Randomized controlled trials: when the gold standard leaves you with fool’s gold

If I told you that I read a randomized double-blinded placebo-controlled trial conducted over 5 years and carried out in over 18,000 participants, is there any scenario under which you would not believe it to be an excellent trial?

Randomized-controlled trials (RCTs) are considered the gold standard for establishing reliable knowledge and for establishing cause and effect. By randomly allocating alike participants into a treatment or control group, much of the bias encountered in observational studies is reduced substantially. But if there’s one thing you learn by reading beyond the abstract, there’s more than meets the eye.

Case in point: last month JAMA published the results of such a trial design entitled, “Effect of Long-term Vitamin D Supplementation vs Placebo on Risk of Depression or Clinically Relevant Depressive Symptoms and on Change in Mood Scores.”

The opening line from the paper establishes the study’s clinical importance: “Low levels of 25-hydroxyvitamin D have been associated with higher risk for depression later in life, but there have been few long-term, high-dose large-scale trials [of vitamin D supplementation].”¹

Vitamin D deficiency is generally defined by vitamin D levels below 20 ng/mL. To determine whether raising vitamin D levels reduce depression risk, the participants were randomized to either a daily placebo or a vitamin D supplement containing 2,000 IU. Here’s the upshot of the paper from the perspective of the authors: the study’s findings did not support the use of vitamin D in adults to prevent depression. The investigators did not find statistically significant differences in their primary outcomes: the total risk of depression or clinically relevant depressive symptoms or the long-term trajectory in mood scores.

Given its strengths, you may be surprised that I think this trial was far from amazing. So, what are my problems with this trial and why don’t I think it generated reliable evidence in support of its conclusions? What follows might be best described as a Journal Club Light. I’m planning on recording and sharing a more in-depth Journal Club discussing this paper (and/or other papers like it) with my team.

There are a few questions I asked myself before accepting the findings in this trial and I’ll expand on some of them below. These questions, while by no means exhaustive, should demonstrate why you always need to look below the surface (e.g., the abstract or press release), even when what you’re looking at is considered the gold standard of evidence.

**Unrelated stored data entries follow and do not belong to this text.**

lemma mmul_relabel_Rsig:
  assumes \<sigma>: "\<sigma> permutes {0..<L}" and xs: "xs \<in> tuples N L" and ys: "ys \<in> tuples N L"
  shows "mmul N L (relabel N L \<sigma> X) (Rsig N L a b c \<xi> \<sigma>) xs ys
       = mmul N L X (Rhat_perm N L a b c \<xi> \<sigma>) (permute_list \<sigma> xs) ys"
proof -
  let ?H = "hatprod N L a b c \<xi> (min_decomp L \<sigma>)"
  have "mmul N L (relabel N L \<sigma> X) (Rsig N L a b c \<xi> \<sigma>) xs ys
      = mmul N L X (mmul N L (Pmat L (inv \<sigma>)) (mmul N L (Pmat L \<sigma>) ?H)) (permute_list \<sigma> xs) ys"
    unfolding relabel_def Rsig_def by (simp add: mmul_assoc mmul_Pmat_left[OF xs \<sigma>])
  also have "\<dots> = mmul N L X (Rhat_perm N L a b c \<xi> \<sigma>) (permute_list \<sigma> xs) ys"
  proof (rule mmul_cong_tuples)
    fix zs assume zs: "zs \<in> tuples N L"
    have "mmul N L (Pmat L (inv \<sigma>)) (mmul N L (Pmat L \<sigma>) ?H) zs ys
        = ?H (permute_list \<sigma> (permute_list (inv \<sigma>) zs)) ys"
      using permutes_inv[OF \<sigma>] zs
      by (simp add: mmul_Pmat_left permute_list_tuples \<sigma>)
    also have "\<dots> = ?H zs ys" using zs by (simp add: permute_list_inv[OF \<sigma>] tuplesD)
    also have "\<dots> = Rhat_perm N L a b c \<xi> \<sigma> zs ys"
      using restr_eqD[OF hatprod_min_decomp[OF \<sigma>, unfolded Rhat_perm_def] zs ys]
      by (simp add: Rhat_perm_def restr_def zs ys)
    finally show "mmul N L (Pmat L (inv \<sigma>)) (mmul N L (Pmat L \<sigma>) ?H) zs ys
        = Rhat_perm N L a b c \<xi> \<sigma> zs ys" .
  qed simp
  finally show ?thesis .
qed

end

lemma sorting_perms_quotient:
  assumes \<sigma>: "\<sigma> permutes {0..<L}" and xs: "length xs = L"
    and r: "r permutes {0..<L}" "starcond L r xs"
    and t: "t permutes {0..<L}" "starcond L t (permute_list \<sigma> xs)"
  obtains p where "p permutes {0..<L}" "r \<circ> p = \<sigma> \<circ> t" "permute_list p (sort xs) = sort xs"
proof
  let ?p = "inv r \<circ> \<sigma> \<circ> t"
  show p: "?p permutes {0..<L}"
    by (intro permutes_compose[OF t(1)] permutes_compose[OF \<sigma>] permutes_inv[OF r(1)])
  show rp: "r \<circ> ?p = \<sigma> \<circ> t" by (simp add: fun_eq_iff permutes_inverses(1)[OF r(1)])
  have \<sigma>': "\<sigma> permutes {..<length xs}" using \<sigma> xs by (simp add: lessThan_atLeast0)
  have "permute_list ?p (sort xs) = permute_list (r \<circ> ?p) xs"
    using starcond_sort[OF r(2,1) xs] permute_list_permute_list[OF r(1) p xs] by simp
  also have "\<dots> = permute_list t (permute_list \<sigma> xs)"
    using permute_list_permute_list[OF \<sigma> t(1) xs] rp by simp
  also have "\<dots> = sort xs"
    using starcond_sort[OF t(2,1)] sort_permute_list[OF \<sigma>'] xs by simp
  finally show "permute_list ?p (sort xs) = sort xs" .
qed

theorem mainTheorem1:
  fixes N L :: nat
    and a :: "nat \<Rightarrow> 'p \<Rightarrow> 'p \<Rightarrow> complex"
    and b c :: "nat \<Rightarrow> nat \<Rightarrow> 'p \<Rightarrow> 'p \<Rightarrow> complex"
    and sq :: "nat \<Rightarrow> 'p \<Rightarrow> 'p \<Rightarrow> complex"
    and \<xi> :: "nat \<Rightarrow> 'p"
    and \<sigma> :: "nat \<Rightarrow> nat"
  assumes hN: "N \<ge> 2" and hL: "L \<ge> 1"
    and a_nz: "\<And>k x y. k < N \<Longrightarrow> a k x y \<noteq> 0"
    and YBE: "\<And>x y z. opeq N 3
        (mmul N 3 (Rop a b c 3 0 1 x y) (mmul N 3 (Rop a b c 3 0 2 x z) (Rop a b c 3 1 2 y z)))
        (mmul N 3 (Rop a b c 3 1 2 y z) (mmul N 3 (Rop a b c 3 0 2 x z) (Rop a b c 3 0 1 x y)))"
    and unitarity: "\<And>x y. opeq N 2 (mmul N 2 (Rop a b c 2 0 1 x y) (Rop a b c 2 1 0 y x)) idop"
    and sq_sq: "\<And>k x y. k < N \<Longrightarrow> (sq k x y)\<^sup>2 = a k x y"
    and sq_inv: "\<And>k x y. k < N \<Longrightarrow> sq k x y * sq k y x = 1"
    and h\<sigma>: "\<sigma> permutes {0..<L}"
  shows "opeq N L
           (mmul N L (relabel N L \<sigma> (Fop N L a b c sq (\<xi> \<circ> \<sigma>))) (Rsig N L a b c \<xi> \<sigma>))
           (Fop N L a b c sq \<xi>)"
  unfolding opeq_def
proof (intro ballI)
  interpret unitary_YBE N a b c by unfold_locales (fact unitarity, fact YBE)
  fix xs ys assume xs: "xs \<in> tuples N L" and ys: "ys \<in> tuples N L"
  let ?u = "permute_list \<sigma> xs" and ?g = "sort xs" and ?H = "Rhat_perm N L a b c"
  have lx: "length xs = L" and u: "?u \<in> tuples N L"
    using xs h\<sigma> by (simp_all add: tuplesD permute_list_tuples)
  obtain r where r: "r permutes {0..<L}" "starcond L r xs" using starcond_exists[OF lx] by blast
  obtain t where t: "t permutes {0..<L}" "starcond L t ?u" using starcond_exists[of ?u L] lx by auto
  obtain p where p: "p permutes {0..<L}" "r \<circ> p = \<sigma> \<circ> t" "permute_list p ?g = ?g"
    using sorting_perms_quotient[OF h\<sigma> lx r t] .
  have g: "?g \<in> tuples N L" "sorted ?g"
    using permute_list_tuples[OF xs r(1)] starcond_sort[OF r(2,1) lx] by simp_all
  have sort_u: "sort ?u = ?g"
    using sort_permute_list[of \<sigma> xs] h\<sigma> lx by (simp add: lessThan_atLeast0)
  have "mmul N L (relabel N L \<sigma> (Fop N L a b c sq (\<xi> \<circ> \<sigma>))) (Rsig N L a b c \<xi> \<sigma>) xs ys
      = Nfactor L sq ?u (\<xi> \<circ> \<sigma>) * mmul N L (?H (\<xi> \<circ> \<sigma>) t) (?H \<xi> \<sigma>) ?g ys"
    by (simp add: mmul_relabel_Rsig[OF h\<sigma> xs ys] mmul_Fop_left[OF u t] sort_u)
  also have "\<dots> = Nfactor L sq ?g ((\<xi> \<circ> r) \<circ> p) * mmul N L (?H (\<xi> \<circ> r) p) (?H \<xi> r) ?g ys"
    using Nfactor_sort[OF t, of sq "\<xi> \<circ> \<sigma>"] sort_u p(2) lx
      Rhat_perm_comp[OF h\<sigma> t(1)] Rhat_perm_comp[OF r(1) p(1)]
    by (simp add: comp_assoc)
  also have "\<dots> = Nfactor L sq ?g (\<xi> \<circ> r) * ?H \<xi> r ?g ys"
    by (rule Rhat_perm_absorb[OF g p(1,3) ys sq_sq sq_inv])
  also have "\<dots> = Fop N L a b c sq \<xi> xs ys"
    by (simp add: Fop_entry[OF xs ys r] Nfactor_sort[OF r lx])
  finally show "mmul N L (relabel N L \<sigma> (Fop N L a b c sq (\<xi> \<circ> \<sigma>))) (Rsig N L a b c \<xi> \<sigma>) xs ys
      = Fop N L a b c sq \<xi> xs ys" .
qed

end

How rigorously was the variable of interest isolated?
Did they reach their target endpoint (i.e., what were the follow-up vitamin D levels?)?
What were the baseline characteristics?
What was the primary outcome and how was it determined?
What was the adherence and how was it monitored?
What was the dose of the intervention?

How rigorously was the variable of interest isolated?

A total of 9,181 participants were randomized to receive vitamin D and 9,172 were randomized to receive a placebo. Given the trial was randomized, double-blinded, and placebo-controlled, it seems safe to assume they isolated vitamin D supplementation from confounding variables quite well.

However, the intervention actually employed what is called a 2 x 2 factorial design. A factorial design is one involving two or more factors in a single experiment. This study didn’t just look at vitamin D supplementation, it also included fish oil supplementation. This means that of the 9,181 participants randomized to vitamin D, half (4,608) were randomized to fish oil and the other half (4,573) to a second placebo, as the Table below shows.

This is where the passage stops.